I owned a mosso straight aluminum fork on a commuter for about a week. It bent at the crown/steerer junction, so now it's a makeshift truing stand. 

In fairness, I'm probably too heavy for the fork at 210, and I used it with disc brakes, which stressed it quite a bit. I did like the nearly weightless front end feel. 

If you're relatively light, using Linear/canti brakes, dont mind the short A/C length, and aren't going to abuse it. Give it a shot. Otherwise steer clear.


----------



## jmkimmel (Jan 23, 2006)

Hmm...great feedback here. Thanks everybody!

DanD - I hear you - I 'd hate to trade static weight for rotating, but let's be honest. I've ridden rigid carbon, steel (high and low end), and ti. In my mind, rigid is rigid when compared to squishy forks, so I'm gonna run a big ass tire no matter what fork it's connected to. I suppose if I bought a black sheep/jones ti fork, I might be able to get away with a smaller tire, but that's not in the cards 

JBX tacos - do you have any idea what the BB height is on your bike with that fork? I don't want the pedals dragging in the ground on my supah-cheap Nashbar alu mtb frame...


----------



## jbx tacos (Sep 11, 2008)

jmkimmel said:


> Hmm...great feedback here. Thanks everybody!
> JBX tacos - do you have any idea what the BB height is on your bike with that fork? I don't want the pedals dragging in the ground on my supah-cheap Nashbar alu mtb frame...

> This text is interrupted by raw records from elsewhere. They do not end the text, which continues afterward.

lemma kpow_mod [simp]: "kpow (e mod int n) = kpow e"
  by (simp add: kpow_def)

lemma kpow_uminus_mod [simp]: "kpow (- (e mod int n)) = kpow (- e)"
  by (metis kpow_mod mod_minus_eq)

lemma kpow_zero [simp]: "kpow 0 = 1"
  by (simp add: kpow_def)

lemma kpow_int: "[kpow (int e) = int k ^ e] (mod int m)"
  unfolding kpow_def of_nat_mod [symmetric] nat_int by (rule int_k_pow_mod_n)

lemma kpow_eq_power: "0 \<le> e \<Longrightarrow> e < int n \<Longrightarrow> kpow e = int k ^ nat e"
  by (simp add: kpow_def)

lemma kpow_add: "[kpow (a + b) = kpow a * kpow b] (mod int m)"
proof -
  define r s where "r = nat (a mod int n)" and "s = nat (b mod int n)"
  have r: "a mod int n = int r" and s: "b mod int n = int s"
    using n_pos by (simp_all add: r_def s_def)
  have "(a + b) mod int n = (int r + int s) mod int n"
    by (metis mod_add_eq r s)
  then have "kpow (a + b) = kpow (int (r + s))"
    by (metis kpow_mod of_nat_add)
  also have "[\<dots> = int k ^ r * int k ^ s] (mod int m)"
    by (metis kpow_int power_add)
  also have "int k ^ r * int k ^ s = kpow a * kpow b"
    by (simp add: kpow_def r_def s_def)
  finally show ?thesis .
qed

lemma reduce_eqI:
  "[a = a'] (mod int m) \<Longrightarrow> [b = b'] (mod int n) \<Longrightarrow> reduce (a, b) = reduce (a', b')"
  by (simp add: reduce_def cong_def)

lemma reduce_fst_snd [simp]:
  "fst (reduce p) = fst p mod int m" "snd (reduce p) = snd p mod int n"
  by (simp_all add: reduce_def)

lemma carrier_G: "carrier G = {0..<int m} \<times> {0..<int n}"
  by (simp add: Gmnk_def)

lemma one_G: "\<one>\<^bsub>G\<^esub> = (0, 0)"
  by (simp add: Gmnk_def)

lemma reduce_in_carrier: "reduce p \<in> carrier G"
  using m_pos n_pos by (simp add: reduce_def carrier_G)

lemma reduce_carrier: "p \<in> carrier G \<Longrightarrow> reduce p = p"
  by (auto simp: reduce_def carrier_G)

lemma mult_G: "p \<otimes>\<^bsub>G\<^esub> q = reduce (fst p + fst q * kpow (- snd p), snd p + snd q)"
proof -
  have "(int n - snd p) mod int n = (- snd p) mod int n"
    by (metis diff_conv_add_uminus add.commute mod_add_self2)
  then show ?thesis
    by (simp add: Gmnk_def Gmul_def reduce_def kpow_def)
qed

lemma mult_reduce_left [simp]: "reduce p \<otimes>\<^bsub>G\<^esub> q = p \<otimes>\<^bsub>G\<^esub> q"
  unfolding mult_G by (rule reduce_eqI) (simp_all add: cong_def mod_simps)

lemma mult_reduce_right [simp]: "p \<otimes>\<^bsub>G\<^esub> reduce q = p \<otimes>\<^bsub>G\<^esub> q"
proof -
  have "[fst p + fst q mod int m * kpow (- snd p) = fst p + fst q * kpow (- snd p)] (mod int m)"
    by (intro cong_add cong_mult cong_refl) (simp add: cong_def)
  then show ?thesis
    unfolding mult_G reduce_fst_snd by (rule reduce_eqI) (simp add: cong_def mod_add_right_eq)
qed

lemma left_inverse_G: "reduce (- fst p * kpow (snd p), - snd p) \<otimes>\<^bsub>G\<^esub> p = \<one>\<^bsub>G\<^esub>"
  by (simp only: mult_reduce_left) (simp add: mult_G one_G reduce_def)

lemma group_G: "group G"
proof (rule groupI)
  fix x y z :: "int \<times> int"
  have "[fst z * kpow (- snd x + - snd y) = fst z * (kpow (- snd x) * kpow (- snd y))] (mod int m)"
    by (intro cong_mult cong_refl kpow_add)
  then have "[fst x + fst y * kpow (- snd x) + fst z * kpow (- snd x + - snd y)
      = fst x + fst y * kpow (- snd x) + fst z * (kpow (- snd x) * kpow (- snd y))] (mod int m)"
    by (rule cong_add[OF cong_refl])
  then show "x \<otimes>\<^bsub>G\<^esub> y \<otimes>\<^bsub>G\<^esub> z = x \<otimes>\<^bsub>G\<^esub> (y \<otimes>\<^bsub>G\<^esub> z)"
    unfolding mult_G[of x y] mult_G[of y z] mult_reduce_left mult_reduce_right
    by (simp add: mult_G reduce_eqI algebra_simps)
next
  fix x assume "x \<in> carrier G"
  then show "\<one>\<^bsub>G\<^esub> \<otimes>\<^bsub>G\<^esub> x = x"
    by (simp add: one_G mult_G reduce_carrier)
  show "\<exists>y \<in> carrier G. y \<otimes>\<^bsub>G\<^esub> x = \<one>\<^bsub>G\<^esub>"
    using left_inverse_G reduce_in_carrier by blast
qed (simp_all add: one_G carrier_G m_pos n_pos mult_G reduce_in_carrier[unfolded carrier_G])

lemma inv_G: "p \<in> carrier G \<Longrightarrow> inv\<^bsub>G\<^esub> p = reduce (- fst p * kpow (snd p), - snd p)"
  by (rule group.inv_equality[OF group_G left_inverse_G _ reduce_in_carrier])

lemma commu_G:
  assumes "p \<in> carrier G" "q \<in> carrier G"
  shows "commu G p q = reduce (fst p * kpow (snd p) * (kpow (snd q) - 1)
                              - fst q * kpow (snd q) * (kpow (snd p) - 1), 0)"
proof -
  obtain i j s t where p: "p = (i, j)" and q: "q = (s, t)"
    by fastforce
  have "commu G p q = reduce (- i * kpow j, - j) \<otimes>\<^bsub>G\<^esub> reduce (- s * kpow t, - t) \<otimes>\<^bsub>G\<^esub> p \<otimes>\<^bsub>G\<^esub> q"
    using assms unfolding commu_def p q by (simp add: inv_G)
  also have "reduce (- i * kpow j, - j) \<otimes>\<^bsub>G\<^esub> reduce (- s * kpow t, - t)
      = reduce (- i * kpow j - s * kpow t * kpow j, - j - t)"
    by (simp only: mult_reduce_left mult_reduce_right) (simp add: mult_G algebra_simps)
  also have "\<dots> \<otimes>\<^bsub>G\<^esub> p = reduce (- i * kpow j - s * kpow t * kpow j + i * kpow (j + t), - t)"
    unfolding p by (simp only: mult_reduce_left) (simp add: mult_G algebra_simps)
  also have "\<dots> \<otimes>\<^bsub>G\<^esub> q = reduce (- i * kpow j - s * kpow t * kpow j + i * kpow (j + t) + s * kpow t, 0)"
    unfolding q by (simp only: mult_reduce_left) (simp add: mult_G)
  also have "\<dots> = reduce (i * kpow j * (kpow t - 1) - s * kpow t * (kpow j - 1), 0)"
  proof (rule reduce_eqI)
    have "[i * kpow (j + t) = i * (kpow j * kpow t)] (mod int m)"
      by (rule cong_mult[OF cong_refl kpow_add])
    then have "[- i * kpow j - s * kpow t * kpow j + i * kpow (j + t) + s * kpow t
        = - i * kpow j - s * kpow t * kpow j + i * (kpow j * kpow t) + s * kpow t] (mod int m)"
      by (rule cong_add[OF cong_add[OF cong_refl] cong_refl])
    then show "[- i * kpow j - s * kpow t * kpow j + i * kpow (j + t) + s * kpow t
        = i * kpow j * (kpow t - 1) - s * kpow t * (kpow j - 1)] (mod int m)"
      by (simp add: algebra_simps)
  qed simp
  finally show ?thesis
    using p q by simp
qed

lemma kpow_inverse: "[kpow (- e) * kpow e = 1] (mod int m)"
  using kpow_add[of "- e" e] by (simp add: cong_sym)

lemma mu_apply:
  assumes "p \<in> carrier G"
  shows "mu m n k x y p = reduce (x * fst p * kpow (snd p) - y * (kpow (snd p) - 1), 0)"
proof -
  have kpow_p: "kpow (snd p) = int k ^ nat (snd p)"
    using assms by (auto simp: carrier_G kpow_eq_power)
  have "[x * fst p * int k ^ nat (snd p) - y * kk m k (nat (snd p))
      = x * fst p * kpow (snd p) - y * (kpow (snd p) - 1)] (mod int m)"
    unfolding kk_def kpow_p by (intro cong_diff cong_mult cong_refl) (simp add: cong_def)
  then show ?thesis
    using assms by (simp add: mu_def reduce_def cong_def)
qed

lemma mu_extensional: "mu m n k x y \<in> extensional (carrier G)"
  by (simp add: mu_def)

lemma mu_in_carrier: "p \<in> carrier G \<Longrightarrow> mu m n k x y p \<in> carrier G"
  by (simp add: mu_apply reduce_in_carrier)

lemma mu_cong:
  assumes "[x = x'] (mod int m)" "[y = y'] (mod int m)"
  shows "mu m n k x y = mu m n k x' y'"
proof (rule extensionalityI[OF mu_extensional mu_extensional])
  fix p assume p: "p \<in> carrier G"
  show "mu m n k x y p = mu m n k x' y' p"
    unfolding mu_apply[OF p] using assms by (intro reduce_eqI cong_diff cong_mult cong_refl) simp_all
qed

lemma compose_mu:
  "compose (carrier G) (mu m n k x' y') (mu m n k x y) = mu m n k (x * x') (x' * y)"
proof (rule extensionalityI[OF compose_extensional mu_extensional])
  fix p assume p: "p \<in> carrier G"
  let ?X = "x * fst p * kpow (snd p) - y * (kpow (snd p) - 1)"
  have "compose (carrier G) (mu m n k x' y') (mu m n k x y) p = reduce (x' * (?X mod int m), 0)"
    using mu_in_carrier[OF p] by (simp add: compose_def p mu_apply[OF p] mu_apply)
  also have "\<dots> = reduce (x' * ?X, 0)"
    by (intro reduce_eqI cong_mult cong_refl) (simp_all add: cong_def)
  also have "\<dots> = mu m n k (x * x') (x' * y) p"
    by (simp add: mu_apply[OF p] algebra_simps)
  finally show "compose (carrier G) (mu m n k x' y') (mu m n k x y) p = mu m n k (x * x') (x' * y) p" .
qed

lemma Cset_one: "Cset m n k x 1 = mu m n k x ` {0..<int m}"
proof -
  have "Cset m n k x 1 = (\<lambda>z. mu m n k x (z mod int m)) ` {0..<int m}"
    unfolding Cset_def Setcompr_eq_image by simp
  also have "\<dots> = mu m n k x ` {0..<int m}"
    by (rule image_cong) simp_all
  finally show ?thesis .
qed

lemma rho_G:
  assumes "p \<in> carrier G"
  shows "rho G p = mu m n k (kpow (snd p) - 1) (fst p * kpow (snd p))"
proof (rule extensionalityI[OF _ mu_extensional])
  show "rho G p \<in> extensional (carrier G)"
    by (simp add: rho_def)
  fix q assume "q \<in> carrier G"
  with assms show "rho G p q = mu m n k (kpow (snd p) - 1) (fst p * kpow (snd p)) q"
    unfolding rho_def by (simp add: commu_G mu_apply, simp add: algebra_simps)
qed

The bb height on my bike is about 11.5 inches, but my frame is from 1996 and originally had a fork with a short ac. 
I'm running the original 175mm cranks and have never had them drag on anything.


----------



## the other dude (Jul 30, 2011)

I ran a straight fork like jbx tacos's (looks like the MTB FK26M3 on the mosso website) for about a year - maybe a year and a bit. It is 100mm suspension corrected so ocassionally I fitted a 29 inch wheel with a 2.1 tyre WTB moto raptor on it. The tyre had about 3mm clearance. The bike is a Giant Boulder 26 inch. 
I used this fork with the 29er wheel (as well as a 26 inch wheel fitted with a 2.5 WTB dissent tyre) for quite a few runs at the You Yangs, Australia. I took it through rocky sections and some small jumps, etc. I also used the bike as a commuter every once in a while. Still, it should be noted that I have a few other bikes so it was not used every day, or even every weekend.
The fork is crazy light and it has quite a bit of flex, you can see it mostly when braking. It performed quite well for a year or so. It is not too hard on the wrists.
All the time I had the fork I felt a little uncomfortable about its flex and durability. 
Fair enough, a week ago I checked it and it has a huge crack just above the brake caliper screw point. If I did not check it, it would have certainly failed.The crack is spread over half of the left steerer. 
Bottom line: if you want to use it for a commuter or want to run it only for a season, it may be a viable option. Otherwise, only use it if you like really extreme sports, like suddently riding without a front wheel.


----------



## henrymiller1 (Apr 25, 2008)

I have had three of these forks.
Can't say anything about angle, geometry,axle to crown bla, bla ...
I can say that i have never had any issues with the Al. version.
I have a Carbon or carbon wrapped. It's waiting for ... my next build.
They are pretty harsh. They are very light. Add a big fat 2.5 tire and enjoy.
For the price, you can't go wrong.


----------



## milehi (Nov 2, 1997)

I use a short stem placing the axle in front of the bar to take the sting out of a rigid fork, as opposed to having the bar over the axle. I currently have a 50mm stem and a segmented steel Waltworks fork that's nice and springy, not to be confused with flexy.


----------



## phsycle (Apr 14, 2011)

Vader said:


> I use a short stem placing the axle in front of the bar to take the sting out of a rigid fork, as opposed to having the bar over the axle.


I guess I fail to see the logic there. Fork flex stays consistent regardless of stem length. I would think a short stem would be less flexible and therefore, more harsh than a longer stem.

Maybe you're noticing it's less harsh with a shortie because less of your weight is on your hands vs a longer stem?


----------